(GIVEN ENTRIES)
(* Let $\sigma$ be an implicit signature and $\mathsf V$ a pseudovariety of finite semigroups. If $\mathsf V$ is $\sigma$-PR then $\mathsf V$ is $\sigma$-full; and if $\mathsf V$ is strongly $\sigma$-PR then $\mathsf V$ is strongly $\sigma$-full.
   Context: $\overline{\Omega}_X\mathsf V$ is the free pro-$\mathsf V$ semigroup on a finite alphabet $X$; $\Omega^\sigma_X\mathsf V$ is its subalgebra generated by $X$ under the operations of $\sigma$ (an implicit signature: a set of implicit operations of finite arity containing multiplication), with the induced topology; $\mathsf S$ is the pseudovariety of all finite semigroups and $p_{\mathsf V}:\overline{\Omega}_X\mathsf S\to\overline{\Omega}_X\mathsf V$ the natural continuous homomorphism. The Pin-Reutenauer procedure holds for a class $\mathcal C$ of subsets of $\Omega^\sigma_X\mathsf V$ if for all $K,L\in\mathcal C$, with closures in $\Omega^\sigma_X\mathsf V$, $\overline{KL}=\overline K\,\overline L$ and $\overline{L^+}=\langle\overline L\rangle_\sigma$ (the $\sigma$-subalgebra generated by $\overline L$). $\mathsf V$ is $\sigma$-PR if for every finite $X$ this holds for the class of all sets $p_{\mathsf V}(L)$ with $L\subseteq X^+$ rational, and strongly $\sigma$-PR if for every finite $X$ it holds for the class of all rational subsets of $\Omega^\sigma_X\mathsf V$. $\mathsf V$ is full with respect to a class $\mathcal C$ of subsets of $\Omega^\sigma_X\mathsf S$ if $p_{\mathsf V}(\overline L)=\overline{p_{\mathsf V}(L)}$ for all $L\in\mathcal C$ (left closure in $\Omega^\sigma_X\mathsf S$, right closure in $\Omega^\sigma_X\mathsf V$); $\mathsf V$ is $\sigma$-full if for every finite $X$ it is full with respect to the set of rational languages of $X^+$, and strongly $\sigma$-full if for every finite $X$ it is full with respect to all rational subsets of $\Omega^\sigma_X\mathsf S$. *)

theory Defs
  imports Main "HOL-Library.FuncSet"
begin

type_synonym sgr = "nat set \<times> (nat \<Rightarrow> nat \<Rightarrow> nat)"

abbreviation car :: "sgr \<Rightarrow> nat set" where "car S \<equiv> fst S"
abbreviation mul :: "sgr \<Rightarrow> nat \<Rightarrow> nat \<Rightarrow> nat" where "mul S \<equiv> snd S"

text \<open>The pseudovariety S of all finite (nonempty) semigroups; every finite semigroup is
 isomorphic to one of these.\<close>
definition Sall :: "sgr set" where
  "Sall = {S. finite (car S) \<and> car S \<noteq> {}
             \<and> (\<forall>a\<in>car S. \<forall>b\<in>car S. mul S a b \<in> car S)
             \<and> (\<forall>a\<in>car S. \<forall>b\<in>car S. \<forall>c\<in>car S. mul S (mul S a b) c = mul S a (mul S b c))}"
(End GIVEN ENTRIES)
**EXERCISE PROMPT:** Please report all lines in the entries where "equiv" appears.

**WRITTEN RESPONSE:**
abbreviation car :: "sgr \<Rightarrow> nat set" where "car S \<equiv> fst S"
abbreviation mul :: "sgr \<Rightarrow> nat \<Rightarrow> nat \<Rightarrow> nat" where "mul S \<equiv> snd S"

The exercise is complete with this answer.